American poet (born 1962)

Jeffery Renard Allen (born 1962) is an American poet, novelist, short story writer, and essayist. He is best known for his novels Rails Under My Back (2000) and Song of the Shank (2014), the latter of which was a finalist for the PEN/Faulkner Award for Fiction. Allen's work often explores African-American life and history through experimental language and innovative structure.

==Early life==
Jeffery Renard Allen was born in 1962 in Chicago, and raised on the South Side of Chicago, a neighborhood that he says informs the setting of his first novel Rails Under My Back and the stories in his collection Holding Pattern. For Allen, the 1980s in Chicago and other black communities across America represented an "apocalyptic moment" with the introduction of crack cocaine, the violence and other forms of destruction and devastation it brought, experiences that he feels have been underrepresented in literary fiction.

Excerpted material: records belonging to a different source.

lemma brk_X_witness:
  assumes "2 \<le> i" "i < n"
  shows "brk n (X_witness n i) B a b =
      (if a = 0 then B (n+i) b else 0) + (if a = i then B n b else 0)
    + (if a = 1 then B i b else 0) - (if a = n+i then B (n+1) b else 0)
    - ((if b = n+i then B a 0 else 0) + (if b = n then B a i else 0) + (if b = i then B a 1 else 0)
       - (if b = n+1 then B a (n+i) else 0))"
proof -
  have "mmult n (X_witness n i) B a b = (if a = 0 then B (n+i) b else 0) + (if a = i then B n b else 0)
    + (if a = 1 then B i b else 0) - (if a = n+i then B (n+1) b else 0)"
    unfolding mmult_def X_witness_def using assms
    by (simp add: distrib_right left_diff_distrib sum.distrib sum_subtractf sum_Emat_left[where B="\<lambda>e. B e b"])
  moreover have "mmult n B (X_witness n i) a b = (if b = n+i then B a 0 else 0) + (if b = n then B a i else 0)
    + (if b = i then B a 1 else 0) - (if b = n+1 then B a (n+i) else 0)"
    unfolding mmult_def X_witness_def using assms
    by (simp add: distrib_left right_diff_distrib sum.distrib sum_subtractf sum_Emat_right[where B="\<lambda>e. B a e"])
  ultimately show ?thesis unfolding brk_def by simp
qed

lemma killing_gl_unit_m1_X_witness:
  assumes "m < i" "2 \<le> i" "i < n"
  shows "killing n (gl_unit n m 1) (brk n (X_witness n i) (brk n (X_witness n i) (Yroot n 0 m)))
    = of_nat (2*n+2) * (2 + 2 * (if m = 0 then 1 else 0))"
  unfolding killing_def using assms by (simp add: mtrace_gl_unit_mmult brk_X_witness Yroot_entry)
theorem theorem3p1:
  fixes FR :: "'g::{monoid_add, linorder} \<Rightarrow> 'r::comm_ring_1 set"
    and G :: "('v::finite, 'r) free_alg set"
    and lt :: "'v word \<Rightarrow> 'v word \<Rightarrow> bool"
    and I :: "('v, 'r) free_alg set"
    and FA :: "'g \<Rightarrow> ('v, 'r) free_alg set set"
  assumes Gamma: "totally_ordered_monoid TYPE('g)"
    and FR: "exh_filtration (tc_ring :: 'r ring) FR"
    and G_R0: "\<forall>g \<in> G. \<forall>w. Poly_Mapping.lookup g w \<in> FR 0"
    and I_def: "I = genideal (tc_ring :: ('v, 'r) free_alg ring) G"
    and ord: "monomial_ordering lt"
    and GB: "monic_groebner_basis lt G I"
    and LM_ne1: "\<forall>g \<in> G. LM lt g \<noteq> 0"
    and FA_def: "\<And>\<gamma>. FA \<gamma> =
       {a. \<exists>(k::nat) c w. (\<forall>i<k. c i \<in> FR \<gamma> \<and> w i \<in> normal_words lt G) \<and>
           a = I +>\<^bsub>(tc_ring :: ('v, 'r) free_alg ring)\<^esub>
                 (\<Sum>i<k. Poly_Mapping.single (w i) (c i))}"
  shows "exh_filtration ((tc_ring :: ('v, 'r) free_alg ring) Quot I) FA \<and>
         (\<forall>\<gamma>. FR \<gamma> = {r. I +>\<^bsub>(tc_ring :: ('v, 'r) free_alg ring)\<^esub> Poly_Mapping.single 0 r \<in> FA \<gamma>})"
proof -
  have ideal: "ideal I (tc_ring :: ('v, 'r) free_alg ring)"
    unfolding I_def by (rule ring.genideal_ideal[OF tc_ring_is_ring]) simp
  have normal_1: "0 \<in> normal_words lt G"
    using LM_ne1 by (rule empty_word_normal)
  have "FA \<gamma> = induced lt G I FR \<gamma>" for \<gamma>
    unfolding FA_def induced_def[OF ord ideal GB normal_1 FR G_R0]
    by (rule indexed_sums_eq_combinations_in) (rule tc_filtrationD(2,3)[OF FR])+
  then have FA: "FA = induced lt G I FR"
    by blast
  have "\<forall>\<gamma>. FR \<gamma> = {r. I +>\<^bsub>tc_ring :: ('v, 'r) free_alg ring\<^esub> Poly_Mapping.single 0 r \<in> FA \<gamma>}"
    unfolding FA by (intro allI) (rule induced_restricts[OF ord ideal GB normal_1 FR G_R0])
  with induced_filtration[OF ord ideal GB normal_1 FR G_R0] show ?thesis
    unfolding FA by (rule conjI)
qed

end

Allen attended public schools in Chicago, then completed all of his university education at the University of Illinois at Chicago, where he holds a Ph.D. in English (Creative Writing).

==Career==

Jeffery Renard Allen was Professor of English at Queens College, City University of New York and a faculty member in the writing program at The New School and in the low residency MFA writing program at Fairleigh Dickinson University.

He has taught in the writing program at Columbia University and in many writers’ conferences and programs around the world including: Cave Canem, the Summer Literary Seminars Program in St. Petersburg, Russia, the Kwani? LitFest in Kenya, the Zora Neale Hurston/Richard Wright Foundation, North Country Retreat for Writers of Color, Chimamanda Ngozi Adichie’s Farafina Trust Workshop in Lagos, the American Writers Festival in Singapore, and VONA. He is the fiction director for the Norman Mailer Center’s Writers Colony. He is the co-founder and president of the Pan African Literary Forum, an international, non-profit literary organization that aids to help writers on the African continent.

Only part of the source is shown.